**TO DO:** Return only those lines of the material that contain "also".
BEGIN RECORDED INFORMATION
lemma balance_ok_cong:
  assumes "\<forall>u\<in>A. v u = w u"
  shows "balance_ok A K B X Bs \<delta> v \<longleftrightarrow> balance_ok A K B X Bs \<delta> w"
  using assms unfolding balance_ok_def by (simp cong: sum.cong)

lemma exists_small_step_nonneg:
  fixes v w :: "'u \<Rightarrow> real"
  assumes "finite A" "\<forall>u\<in>A. 0 < w u"
  obtains t where "0 < t" "t \<le> 1" "\<forall>u\<in>A. 0 \<le> t * v u + (1 - t) * w u"
proof -
  have "\<forall>\<^sub>F t in at_right 0. \<forall>u\<in>A. 0 < t * v u + (1 - t) * w u"
  proof (rule eventually_ball_finite[OF \<open>finite A\<close>], rule ballI)
    fix u assume "u \<in> A"
    have "((\<lambda>t. t * v u + (1 - t) * w u) \<longlongrightarrow> 0 * v u + (1 - 0) * w u) (at_right 0)"
      by (intro tendsto_intros)
    then show "\<forall>\<^sub>F t in at_right 0. 0 < t * v u + (1 - t) * w u"
      using assms(2) \<open>u \<in> A\<close> by (auto dest: order_tendstoD(1))
  qed
  moreover have "\<forall>\<^sub>F t in at_right (0::real). 0 < t \<and> t \<le> 1"
    by (auto simp: eventually_at_right_field intro!: exI[of _ 1])
  ultimately obtain t where "0 < t" "t \<le> 1" "\<forall>u\<in>A. 0 < t * v u + (1 - t) * w u"
    using eventually_happens'[OF trivial_limit_at_right_real] eventually_conj by blast
  then show thesis using that by (meson less_imp_le)
qed

lemma is_minimizer_balance_on_support:
  fixes \<psi> :: "real \<Rightarrow> real" and w :: "'u \<Rightarrow> real"
  assumes "finite S" "R \<subseteq> S" and convex: "convex_on UNIV \<psi>"
    and pos: "\<forall>u\<in>R. 0 < w u" and zero: "\<forall>u\<in>S - R. w u = 0"
    and min: "is_minimizer (\<lambda>v. balance_ok S K B X Bs \<delta> v \<and> (\<forall>u\<in>S. 0 \<le> v u))
                (\<lambda>v. \<Sum>u\<in>S. \<psi> (v u)) w"
  shows "is_minimizer (balance_ok R K B X Bs \<delta>) (\<lambda>v. \<Sum>u\<in>R. \<psi> (v u)) w"
proof -
  have "finite R" using \<open>finite S\<close> \<open>R \<subseteq> S\<close> finite_subset by blast
  have "balance_ok S K B X Bs \<delta> w" using min by (simp add: is_minimizer_def)
  then have feasible_R: "balance_ok R K B X Bs \<delta> w"
    using balance_ok_zero_outside[OF \<open>finite S\<close> \<open>R \<subseteq> S\<close> zero] by blast
  have split: "(\<Sum>u\<in>S. \<psi> (f u)) = (\<Sum>u\<in>R. \<psi> (f u)) + (\<Sum>u\<in>S - R. \<psi> (f u))" for f
    using sum.subset_diff[OF \<open>R \<subseteq> S\<close> \<open>finite S\<close>] by (simp add: add.commute)
  have "(\<Sum>u\<in>R. \<psi> (w u)) \<le> (\<Sum>u\<in>R. \<psi> (v u))" if "balance_ok R K B X Bs \<delta> v" for v
  proof -
    obtain t where t: "0 < t" "t \<le> 1" "\<forall>u\<in>R. 0 \<le> t * v u + (1 - t) * w u"
      using exists_small_step_nonneg[OF \<open>finite R\<close> pos] by blast
    define c where "c u = (if u \<in> R then t * v u + (1 - t) * w u else w u)" for u
    have "balance_ok R K B X Bs \<delta> (\<lambda>u. t * v u + (1 - t) * w u)"
      using balance_ok_convex_comb[OF that feasible_R] t by simp
    then have "balance_ok R K B X Bs \<delta> c"
      using balance_ok_cong[of R c "\<lambda>u. t * v u + (1 - t) * w u" K B X Bs \<delta>]
      by (simp add: c_def)
    moreover have "\<forall>u\<in>S - R. c u = 0" using zero by (simp add: c_def)
    ultimately have "balance_ok S K B X Bs \<delta> c"
      using balance_ok_zero_outside[OF \<open>finite S\<close> \<open>R \<subseteq> S\<close>] by blast
    moreover have "\<forall>u\<in>S. 0 \<le> c u"
      using t(3) min by (auto simp: c_def is_minimizer_def)
    ultimately have "(\<Sum>u\<in>S. \<psi> (w u)) \<le> (\<Sum>u\<in>S. \<psi> (c u))"
      using min by (simp add: is_minimizer_def)
    moreover have "(\<Sum>u\<in>S - R. \<psi> (c u)) = (\<Sum>u\<in>S - R. \<psi> (w u))"
      by (simp add: c_def)
    ultimately have "(\<Sum>u\<in>R. \<psi> (w u)) \<le> (\<Sum>u\<in>R. \<psi> (c u))"
      using split[of w] split[of c] by simp
    also have "\<dots> = (\<Sum>u\<in>R. \<psi> (t * v u + (1 - t) * w u))"
      by (simp add: c_def)
    also have "\<dots> \<le> t * (\<Sum>u\<in>R. \<psi> (v u)) + (1 - t) * (\<Sum>u\<in>R. \<psi> (w u))"
      using t by (intro sum_convex_comb_le[OF convex]) auto
    finally show ?thesis using \<open>0 < t\<close> by (simp add: algebra_simps)
  qed
  with feasible_R show ?thesis by (simp add: is_minimizer_def)
qed

lemma is_minimizer_balance_unique:
  fixes \<psi> :: "real \<Rightarrow> real"
  assumes "finite A"
    and strict: "\<And>a b. a \<noteq> b \<Longrightarrow> \<psi> ((a + b) / 2) < (\<psi> a + \<psi> b) / 2"
    and v: "is_minimizer (balance_ok A K B X Bs \<delta>) (\<lambda>w. \<Sum>u\<in>A. \<psi> (w u)) v"
    and w: "is_minimizer (balance_ok A K B X Bs \<delta>) (\<lambda>w. \<Sum>u\<in>A. \<psi> (w u)) w"
  shows "\<forall>u\<in>A. v u = w u"
proof (rule ccontr)
  assume "\<not> (\<forall>u\<in>A. v u = w u)"
  then obtain x where "x \<in> A" "v x \<noteq> w x" by blast
  have "balance_ok A K B X Bs \<delta> (\<lambda>u. 1/2 * v u + (1 - 1/2) * w u)"
    using v w by (intro balance_ok_convex_comb) (auto simp: is_minimizer_def)
  then have "balance_ok A K B X Bs \<delta> (\<lambda>u. (v u + w u) / 2)"
    by (simp add: add_divide_distrib)
  then have "(\<Sum>u\<in>A. \<psi> (v u)) \<le> (\<Sum>u\<in>A. \<psi> ((v u + w u) / 2))"
    and "(\<Sum>u\<in>A. \<psi> (w u)) \<le> (\<Sum>u\<in>A. \<psi> ((v u + w u) / 2))"
    using v w by (auto simp: is_minimizer_def)
  moreover have "(\<Sum>u\<in>A. \<psi> ((v u + w u) / 2)) < ((\<Sum>u\<in>A. \<psi> (v u)) + (\<Sum>u\<in>A. \<psi> (w u))) / 2"
    using sum_midpoint_less[of A \<psi> x v w] strict \<open>finite A\<close> \<open>x \<in> A\<close> \<open>v x \<noteq> w x\<close> by blast
  ultimately show False by argo
qed

theorem theorem1:
  fixes m :: nat and n :: "nat \<Rightarrow> nat"
    and Z :: "nat \<times> nat \<Rightarrow> nat" and X :: "nat \<times> nat \<Rightarrow> real ^ 'p"
    and K :: nat and B :: "nat \<Rightarrow> real ^ 'p \<Rightarrow> real"
    and Bstar :: "nat \<Rightarrow> real" and \<delta> :: "nat \<Rightarrow> real"
    and \<psi> :: "real \<Rightarrow> real" and z :: nat
    and wplus :: "nat \<times> nat \<Rightarrow> real"
  defines "U \<equiv> SIGMA i:{1..m}. {1..n i}"
  defines "S \<equiv> {ij \<in> U. Z ij = z}"
  defines "R \<equiv> {ij \<in> S. wplus ij \<noteq> 0}"
  assumes Z_binary: "\<forall>ij\<in>U. Z ij \<in> {0, 1}"
    and K_pos: "K \<ge> 1"
    and B1: "\<forall>x. B 1 x = 1"
    and Bstar1: "Bstar 1 = 1"
    and delta_nonneg: "\<forall>k\<in>{1..K}. \<delta> k \<ge> 0"
    and delta1: "\<delta> 1 = 0"
    and psi_convex: "convex_on UNIV \<psi>"
    and psi_diff: "\<forall>x. \<psi> differentiable (at x)"
    and psi_deriv_inv: "inj (deriv \<psi>)"
    and z01: "z \<in> {0, 1}"
    and wplus_sol: "is_minimizer
        (\<lambda>w. balance_ok S K B X Bstar \<delta> w \<and> (\<forall>ij\<in>S. w ij \<ge> 0))
        (\<lambda>w. \<Sum>ij\<in>S. \<psi> (w ij)) wplus"
  shows "is_minimizer (balance_ok R K B X Bstar \<delta>) (\<lambda>w. \<Sum>ij\<in>R. \<psi> (w ij)) wplus
         \<and> (\<forall>v. is_minimizer (balance_ok R K B X Bstar \<delta>) (\<lambda>w. \<Sum>ij\<in>R. \<psi> (w ij)) v
               \<longrightarrow> (\<forall>ij\<in>S. (if ij \<in> R then v ij else 0) = wplus ij))"
proof -
  have "finite S" by (simp add: S_def U_def)
  have "R \<subseteq> S" by (auto simp: R_def)
  have pos: "\<forall>ij\<in>R. 0 < wplus ij" and zero: "\<forall>ij\<in>S - R. wplus ij = 0"
    using wplus_sol by (force simp: R_def is_minimizer_def)+
  have min_R: "is_minimizer (balance_ok R K B X Bstar \<delta>) (\<lambda>w. \<Sum>ij\<in>R. \<psi> (w ij)) wplus"
    using is_minimizer_balance_on_support[OF \<open>finite S\<close> \<open>R \<subseteq> S\<close> psi_convex pos zero wplus_sol] .
  have "\<forall>ij\<in>R. v ij = wplus ij"
    if "is_minimizer (balance_ok R K B X Bstar \<delta>) (\<lambda>w. \<Sum>ij\<in>R. \<psi> (w ij)) v" for v
    using is_minimizer_balance_unique[OF _ _ that min_R] \<open>finite S\<close> \<open>R \<subseteq> S\<close> finite_subset
      convex_inj_deriv_midpoint_less[OF psi_convex psi_diff psi_deriv_inv] by blast
  with min_R zero show ?thesis by auto
qed

end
END RECORDED INFORMATION
**PROBLEM SOLUTION:**
    also have "\<dots> = (\<Sum>u\<in>R. \<psi> (t * v u + (1 - t) * w u))"
    also have "\<dots> \<le> t * (\<Sum>u\<in>R. \<psi> (v u)) + (1 - t) * (\<Sum>u\<in>R. \<psi> (w u))"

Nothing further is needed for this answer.